Clicking and dragging these columns merges two or more attributes, then automatically sets equal weights to the sequences in the data set. Thus, ranking all the rows in the table according to their resulting rank scores. Specific weight adjustments are possible thanks to user-settable functionalities specific to attribute weights. As presented in the LineUp API, DNAsmart inherits the full interactive functionalities to explore the unordered set of sequences. Ranking enables sorting sequences by each attribute in the columns or by user-defined combinations of attributes. Filtering is possible for one or a combination of columns. In addition, regular expressions may be used for advanced filtering. Grouping and aggregating enable a display mode where the height of each row is reduced to a minimum height of a single pixel. Our tool also inherits all interaction and encoding idioms. We decided to mention only the idioms that we have changed. Moreover, since the default API does not use a colorblind-friendly scheme for the ranking visualization, we replaced the default with the Tableau10 colorblind-safe palette. This renders the color encoding more accessible [40], [41].

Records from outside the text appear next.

lemma diffs_sums_derivative:
  fixes c :: "nat \<Rightarrow> real"
  assumes sums: "\<And>t. \<bar>t\<bar> < R \<Longrightarrow> (\<lambda>k. c k * t ^ k) sums G t"
    and deriv: "\<And>t. \<bar>t\<bar> < R \<Longrightarrow> (G has_field_derivative G' t) (at t)"
    and t: "\<bar>t\<bar> < R"
  shows "(\<lambda>k. diffs c k * t ^ k) sums G' t"
proof -
  have summable: "summable (\<lambda>k. c k * s ^ k)" if "\<bar>s\<bar> < R" for s
    using sums[OF that] by (rule sums_summable)
  have "(pser c has_field_derivative pser (diffs c) t) (at t)"
    by (rule pser_has_field_derivative[OF _ t], rule summable)
  moreover have "(pser c has_field_derivative G' t) (at t)"
  proof (rule has_field_derivative_transform_within_open[OF deriv[OF t]])
    show "open {-R<..<R}" "t \<in> {-R<..<R}"
      using t by auto
    fix s :: real assume "s \<in> {-R<..<R}"
    then have "\<bar>s\<bar> < R" by auto
    then show "G s = pser c s"
      using sums[of s] by (simp add: pser_def sums_iff)
  qed
  ultimately have "pser (diffs c) t = G' t"
    by (rule DERIV_unique)
  moreover have "summable (\<lambda>k. diffs c k * t ^ k)"
    by (rule summable_pser_diffs[OF _ t], rule summable)
  ultimately show ?thesis
    by (simp add: pser_def sums_iff)
qed

lemma diffs_sums_iff:
  fixes c :: "nat \<Rightarrow> real"
  shows "diffs c sums s \<longleftrightarrow> (\<lambda>k. real k * c k) sums s"
  using sums_Suc_iff[of "\<lambda>k. real k * c k" s] by (simp add: diffs_def)

lemma diffs_diffs_sums_iff:
  fixes c :: "nat \<Rightarrow> real"
  shows "diffs (diffs c) sums s \<longleftrightarrow> (\<lambda>k. real k * (real k - 1) * c k) sums s"
proof -
  have "(\<lambda>k. real k * diffs c k) = diffs (\<lambda>k. (real k - 1) * c k)"
    by (simp add: diffs_def fun_eq_iff algebra_simps)
  then have "diffs (diffs c) sums s \<longleftrightarrow> diffs (\<lambda>k. (real k - 1) * c k) sums s"
    by (simp only: diffs_sums_iff)
  also have "\<dots> \<longleftrightarrow> (\<lambda>k. real k * ((real k - 1) * c k)) sums s"
    by (rule diffs_sums_iff)
  finally show ?thesis
    by (simp only: mult.assoc)
qed

lemma factorial_moments_sums:
  fixes c :: "nat \<Rightarrow> real"
  assumes R: "R > 1"
    and sums: "\<And>t. \<bar>t\<bar> < R \<Longrightarrow> (\<lambda>k. c k * t ^ k) sums G t"
    and G': "\<And>t. \<bar>t\<bar> < R \<Longrightarrow> (G has_field_derivative G' t) (at t)"
    and G'': "\<And>t. \<bar>t\<bar> < R \<Longrightarrow> (G' has_field_derivative G'' t) (at t)"
  shows "c sums G 1"
    and "(\<lambda>k. real k * c k) sums G' 1"
    and "(\<lambda>k. real k * (real k - 1) * c k) sums G'' 1"
proof -
  have diffs_sums: "(\<lambda>k. diffs c k * t ^ k) sums G' t" if "\<bar>t\<bar> < R" for t
    using diffs_sums_derivative[OF sums G' that] .
  have R1: "\<bar>1::real\<bar> < R"
    using R by simp
  show "c sums G 1"
    using sums[OF R1] by simp
  show "(\<lambda>k. real k * c k) sums G' 1"
    using diffs_sums[OF R1] by (simp add: diffs_sums_iff)
  show "(\<lambda>k. real k * (real k - 1) * c k) sums G'' 1"
    using diffs_sums_derivative[OF diffs_sums G'' R1] by (simp add: diffs_diffs_sums_iff)
qed

section \<open>A Korovkin-type estimate in the weighted norm\<close>

lemma rho_ge_1: "rho x \<ge> 1"
  unfolding rho_def by simp

lemma rho_pos: "rho x > 0"
  using rho_ge_1[of x] by simp

lemma le_rho: "x \<le> rho x"
proof (cases "x \<le> 1")
  case True
  then show ?thesis
    unfolding rho_def by (simp add: add_increasing2)
next
  case False
  then have "x * 1 \<le> x * x"
    by (intro mult_left_mono) auto
  then show ?thesis
    unfolding rho_def by (simp add: power2_eq_square)
qed

lemma abs_scaled_linear_le_rho:
  assumes "x \<ge> 0" and "\<delta> \<ge> 0"
  shows "\<bar>\<delta> * (P * x + \<delta> * Q)\<bar> \<le> \<delta> * (\<bar>P\<bar> + \<delta> * \<bar>Q\<bar>) * rho x"
proof -
  have "\<bar>P * x + \<delta> * Q\<bar> \<le> \<bar>P\<bar> * x + \<delta> * \<bar>Q\<bar>"
    using assms abs_triangle_ineq[of "P * x" "\<delta> * Q"] by (simp add: abs_mult)
  also have "\<dots> \<le> \<bar>P\<bar> * rho x + \<delta> * \<bar>Q\<bar> * rho x"
    using mult_left_mono[OF le_rho, of "\<bar>P\<bar>" x] mult_left_mono[OF rho_ge_1, of "\<delta> * \<bar>Q\<bar>" x] assms
    by simp
  finally have "\<delta> * \<bar>P * x + \<delta> * Q\<bar> \<le> \<delta> * (\<bar>P\<bar> * rho x + \<delta> * \<bar>Q\<bar> * rho x)"
    using assms(2) by (rule mult_left_mono)
  moreover have "\<bar>\<delta> * (P * x + \<delta> * Q)\<bar> = \<delta> * \<bar>P * x + \<delta> * Q\<bar>"
    using assms(2) by (simp add: abs_mult)
  ultimately show ?thesis
    by (simp add: algebra_simps)
qed

definition modulus_bound :: "real \<Rightarrow> real \<Rightarrow> (real \<Rightarrow> real) \<Rightarrow> bool" where
  "modulus_bound e K g \<longleftrightarrow>
     (\<forall>s\<ge>0. \<forall>u\<ge>0. \<bar>g s - g u\<bar> \<le> e + e * rho s + e * rho u + K * (s - u)\<^sup>2)"

lemma modulus_boundD:
  "modulus_bound e K g \<Longrightarrow> s \<ge> 0 \<Longrightarrow> u \<ge> 0 \<Longrightarrow>
    \<bar>g s - g u\<bar> \<le> e + e * rho s + e * rho u + K * (s - u)\<^sup>2"
  unfolding modulus_bound_def by blast

lemma modulus_bound_exists:
  fixes g :: "real \<Rightarrow> real"
  assumes cont: "continuous_on {0..} g" and lim: "((\<lambda>s. g s / rho s) \<longlongrightarrow> 0) at_top"
    and e: "e > 0"
  obtains K where "K \<ge> 0" and "modulus_bound e K g"
proof -
  obtain X where X: "X \<ge> 0" and tail: "\<And>s. s \<ge> X \<Longrightarrow> \<bar>g s\<bar> \<le> e * rho s"
  proof -
    obtain X0 where X0: "\<And>s. s \<ge> X0 \<Longrightarrow> \<bar>g s / rho s\<bar> < e"
      using tendstoD[OF lim e] by (auto simp: eventually_at_top_linorder)
    show ?thesis
    proof (rule that[of "max X0 0"])
      fix s assume "s \<ge> max X0 0"
      then have "\<bar>g s\<bar> < e * rho s"
        using X0[of s] by (simp add: abs_divide abs_of_pos[OF rho_pos] pos_divide_less_eq[OF rho_pos])
      then show "\<bar>g s\<bar> \<le> e * rho s" by simp
    qed simp
  qed
  have cont_X: "continuous_on {0..X+1} g"
    using cont by (rule continuous_on_subset) auto
  obtain \<eta> where \<eta>: "0 < \<eta>" "\<eta> \<le> 1"
    and near: "\<And>s u. s \<in> {0..X+1} \<Longrightarrow> u \<in> {0..X+1} \<Longrightarrow> \<bar>s - u\<bar> < \<eta> \<Longrightarrow> \<bar>g s - g u\<bar> < e"
  proof -
    obtain \<eta>0 where \<eta>0: "\<eta>0 > 0"
      and uc: "\<And>s u. s \<in> {0..X+1} \<Longrightarrow> u \<in> {0..X+1} \<Longrightarrow> dist u s < \<eta>0 \<Longrightarrow> dist (g u) (g s) < e"
      using uniformly_continuous_onE[OF compact_uniformly_continuous[OF cont_X compact_Icc] e] by metis
    show ?thesis
    proof (rule that[of "min \<eta>0 1"])
      fix s u assume "s \<in> {0..X+1}" "u \<in> {0..X+1}" "\<bar>s - u\<bar> < min \<eta>0 1"
      then show "\<bar>g s - g u\<bar> < e"
        using uc[of u s] by (simp add: dist_real_def abs_minus_commute[of u] abs_minus_commute[of "g u"])
    qed (use \<eta>0 in auto)
  qed
  obtain K0 where K0: "K0 \<ge> 0" and bounded: "\<And>s. s \<in> {0..X+1} \<Longrightarrow> \<bar>g s\<bar> \<le> K0"
  proof -
    obtain K0 where "K0 > 0" "\<forall>y \<in> g ` {0..X+1}. norm y \<le> K0"
      using compact_imp_bounded[OF compact_continuous_image[OF cont_X compact_Icc]]
      unfolding bounded_pos by blast
    then show ?thesis
      using that[of K0] by simp
  qed
  have global: "\<bar>g s\<bar> \<le> K0 + e * rho s" if "s \<ge> 0" for s
  proof (cases "s \<le> X + 1")
    case True
    then show ?thesis
      using bounded[of s] that e rho_pos[of s] by (simp add: add_increasing2)
  next
    case False
    then show ?thesis
      using tail[of s] K0 by simp
  qed
  show ?thesis
  proof (rule that[of "2 * K0 / \<eta>\<^sup>2"], unfold modulus_bound_def, safe)
    show "2 * K0 / \<eta>\<^sup>2 \<ge> 0"
      using K0 by simp
    fix s u :: real assume s: "s \<ge> 0" and u: "u \<ge> 0"
    have nonneg: "e * rho s \<ge> 0" "e * rho u \<ge> 0" "2 * K0 / \<eta>\<^sup>2 * (s - u)\<^sup>2 \<ge> 0"
      using e rho_pos[of s] rho_pos[of u] K0 by auto
    \<comment> \<open>points closer than \<open>\<eta> \<le> 1\<close> lie both in \<open>[0, X + 1]\<close> or both in \<open>[X, \<infinity>)\<close>\<close>
    consider "\<bar>s - u\<bar> \<ge> \<eta>" | "\<bar>s - u\<bar> < \<eta>" "s \<le> X + 1" "u \<le> X + 1" | "s \<ge> X" "u \<ge> X"
      using \<eta> by linarith
    then show "\<bar>g s - g u\<bar> \<le> e + e * rho s + e * rho u + 2 * K0 / \<eta>\<^sup>2 * (s - u)\<^sup>2"
    proof cases
      case 1
      have "\<eta>\<^sup>2 \<le> (s - u)\<^sup>2"
        using 1 \<eta> by (metis abs_ge_zero less_imp_le power2_abs power_mono)
      then have "2 * K0 \<le> 2 * K0 / \<eta>\<^sup>2 * (s - u)\<^sup>2"
        using K0 \<eta> by (simp add: field_simps mult_left_mono)
      then show ?thesis
        using global[OF s] global[OF u] e by linarith
    next
      case 2
      then show ?thesis
        using near[of s u] s u nonneg by fastforce
    next
      case 3
      then show ?thesis
        using tail[of s] tail[of u] e nonneg by linarith
    qed
  qed
qed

4.4. Design considerations
DNAsmart is built around five fundamental design considerations. First, DNAsmart supports decision-making and provides the optimal set of sequences and the ranking system that benefits users by allowing them to navigate through the sequences or even different separate attributes. Second, the tool allows low computational overhead. DNAsmart uses a randomized approach to determine the similarity between sequences based on multi-attributes. Third, DNAsmart supports the traditional minimization problem when comparing a set of sequences. That is to say, minimizing the computational expense of calculating different metrics between all input sequences. Fourth, although assumptions are considered for the input format, the input can be arbitrary and does not necessarily belong to a particular error-correction code. The input format follows multiple sequences in one FASTA file format. Fifth and last, the workflow does not presuppose a definite number of sequences in one given set.
5. Results
To demonstrate the usability of DNAsmart, we show several features of DNAsmart with two exemplary use cases - (I) barcode validation and selection and (II) parameter space of an encoding scheme.
The case study overview can be seen in Figs. 4, 5, 6, 7, 8 and 9.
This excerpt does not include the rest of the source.